宝玉之言近佛,宝钗之言近儒。但在实质上,宝玉出家,才是对儒教的捍卫,所谓矫枉常须过正。孔子曰:“天下有道则现,无道则隐。邦有道,贫且贱焉,耻也;邦无道,富且贵焉,耻也。”宝玉出家,是对“当今”现世的批判否定,根本没有像薛宝钗一样把当今视为“圣世”。这令人想起琉璃大王灭迦毗罗卫之后,释伽牟尼也没有担任其政协委员。有摩西胸怀的曹雪芹对康熙加于曹家的那点主子赐走狗的恩惠,也未必像胡适、鲁迅、周汝昌之徒看得那样重。
空空道人证道的过程,还可以与儒家“复性”、“求放心”相发明。黄宗炎《周易象辞》卷八释复卦象辞“不远之复,以修身也”:
不远之复,本从慎独而来,所以能诚意正心,使视听言动,咸归无过,以其握修身之要也。放心不知求者,是远而不复,皆因五官百骸,偏任其好恶,血气强暴,心反退舍。物交物而引之,则其身蔽壊,污浊修之,亦甚费整顿。过不外章,身自光明,清洁修之之道,孰与于此?释氏以视聴言动付之五官百骸,当其寂然不动,是为真空,空实非空;当其或视或听或言或动,是为妙有,有实非有。是为空有不二,是为色即是空,空即是色。当视而视,当听而听,当言而言,当动而动,何尝有心于其间!是为过去心不可得,见在心不可得,未来心不可得,达磨西来直指本体,本体者何?身是也,身能视听,言动付之官骸,不落识神,则虽视虽聴虽言虽动无所留滞,自落生死洒落,超脱轮迥,同谓之身。以身还身,何所用修,苟无识神黏恋,偶有非礼之视聴言动,亦无伤于本体,又何必用修?故以时时频拂拭为凡夫,以本来无一物为见道也。爻词不远复,本言心传,以修身释之,正一大关键,不可不详辨者。
天平闲人《石头记读法》,以为《石头记》摄神在《西游记》。宝玉、石猴皆演人心,怪癖乖张,惟危惟微。皆曾为情所迷,皆曾化为真假。静啸斋主人为遗民和尚董说的《西游补》作《西游补答问》:“四万八千年俱是情根团结。
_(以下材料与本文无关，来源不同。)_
(* Let $A\in\Theta(n,r)$. The orbit $e_A$ is closed in $\mathcal F_{\mathrm{ro}(A)}\times\mathcal F_{\mathrm{co}(A)}$ if and only if for all row indices $i<j$ and column indices $s<t$ one has $a_{it}a_{js}=0$ (every $2\times 2$ submatrix of $A$ has at least one zero anti-diagonal entry).
   Context: Fix positive integers $n,r$. $\Theta(n,r)$ is the set of $n\times n$ matrices $A=(a_{ij})$ with nonnegative integer entries summing to $r$; $\mathrm{ro}(A)=(\sum_j a_{1j},\dots,\sum_j a_{nj})$ and $\mathrm{co}(A)=(\sum_i a_{i1},\dots,\sum_i a_{in})$. Let $V$ be an $r$-dimensional vector space over a field that is finite or algebraically closed, $\mathcal F$ the variety of $n$-step flags $0=V_0\subseteq V_1\subseteq\cdots\subseteq V_n=V$, and for a composition $\lambda$ of $r$ into $n$ parts let $\mathcal F_\lambda$ be the flags with $\dim V_i-\dim V_{i-1}=\lambda_i$. The $GL(V)$-orbits on $\mathcal F\times\mathcal F$ (diagonal action) are in bijection with $\Theta(n,r)$: the orbit of $(f,f')$, $f=(V_i)$, $f'=(V'_j)$, corresponds to $A$ with $a_{ij}=\dim(V_i\cap V'_j)-\dim(V_i\cap V'_{j-1}+V_{i-1}\cap V'_j)$, and it lies in $\mathcal F_{\mathrm{ro}(A)}\times\mathcal F_{\mathrm{co}(A)}$. We write $e_A$ for this orbit. *)

theory Defs
  imports "HOL-Analysis.Analysis" "HOL-Computational_Algebra.Polynomial"
begin

text \<open>The space V is the r-dimensional space 'k^'r with r = CARD('r).
  A flag (V_0,...,V_n) is a function f on nat with f i = UNIV for i >= n.\<close>

definition is_flag :: "nat \<Rightarrow> (nat \<Rightarrow> ('k::field^'r) set) \<Rightarrow> bool" where
  "is_flag n f \<longleftrightarrow> (\<forall>i. vec.subspace (f i)) \<and> f 0 = {0} \<and>
     (\<forall>i<n. f i \<subseteq> f (Suc i)) \<and> (\<forall>i\<ge>n. f i = UNIV)"

definition flags_of_type :: "nat \<Rightarrow> (nat \<Rightarrow> nat) \<Rightarrow> (nat \<Rightarrow> ('k::field^'r) set) set" where
  "flags_of_type n lam = {f. is_flag n f \<and>
     (\<forall>i\<in>{1..n}. vec.dim (f i) - vec.dim (f (i - 1)) = lam i)}"

definition ssum :: "('k::field^'r) set \<Rightarrow> ('k^'r) set \<Rightarrow> ('k^'r) set" where
  "ssum U W = vec.span (U \<union> W)"

definition orbit_entry :: "(nat \<Rightarrow> ('k::field^'r) set) \<Rightarrow> (nat \<Rightarrow> ('k^'r) set) \<Rightarrow> nat \<Rightarrow> nat \<Rightarrow> nat" where
  "orbit_entry f f' i j = vec.dim (f i \<inter> f' j)
      - vec.dim (ssum (f i \<inter> f' (j - 1)) (f (i - 1) \<inter> f' j))"

definition Theta :: "nat \<Rightarrow> nat \<Rightarrow> (nat \<Rightarrow> nat \<Rightarrow> nat) set" where
  "Theta n r = {A. (\<forall>i j. A i j \<noteq> 0 \<longrightarrow> i \<in> {1..n} \<and> j \<in> {1..n}) \<and>
      (\<Sum>i=1..n. \<Sum>j=1..n. A i j) = r}"

definition ro :: "nat \<Rightarrow> (nat \<Rightarrow> nat \<Rightarrow> nat) \<Rightarrow> nat \<Rightarrow> nat" where
  "ro n A i = (\<Sum>j=1..n. A i j)"

definition co :: "nat \<Rightarrow> (nat \<Rightarrow> nat \<Rightarrow> nat) \<Rightarrow> nat \<Rightarrow> nat" where
  "co n A j = (\<Sum>i=1..n. A i j)"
悟通大道,必先空破情根;空破情根,必先走人情内;走入情内,见得世界情根之虚,然后走出情外,认得道根之实。《西游》补者,情妖也;情妖者,鲭鱼精也。”亦可与空空道人四语相发明,但作者将“情”与“道”过于对立,分别太强,而且将“情”作为“清”的谐音。其实悟通大道之后,千江有水千江月,万里无云万里天,心佛众生,三无差别;有情无情,同圆种智。录雍正《御选语录》中一首《即心是佛颂》相参解:
佛即心兮心即佛,心佛从来皆妄物。若知无佛复无心,始是真如法身佛。法身佛,没模样。一颗圆光含万象。无体之体即真体,无相之相即实相。非色非空非不空,不动不静不来往。无异无同无有无,难取难舍难听望。内外圆通到处通,一佛国在一沙中。一粒沙含大千界,一个身心万个同。知之须会无心法,不染不滞为净业。善恶千端无所为,便是如来及迦叶。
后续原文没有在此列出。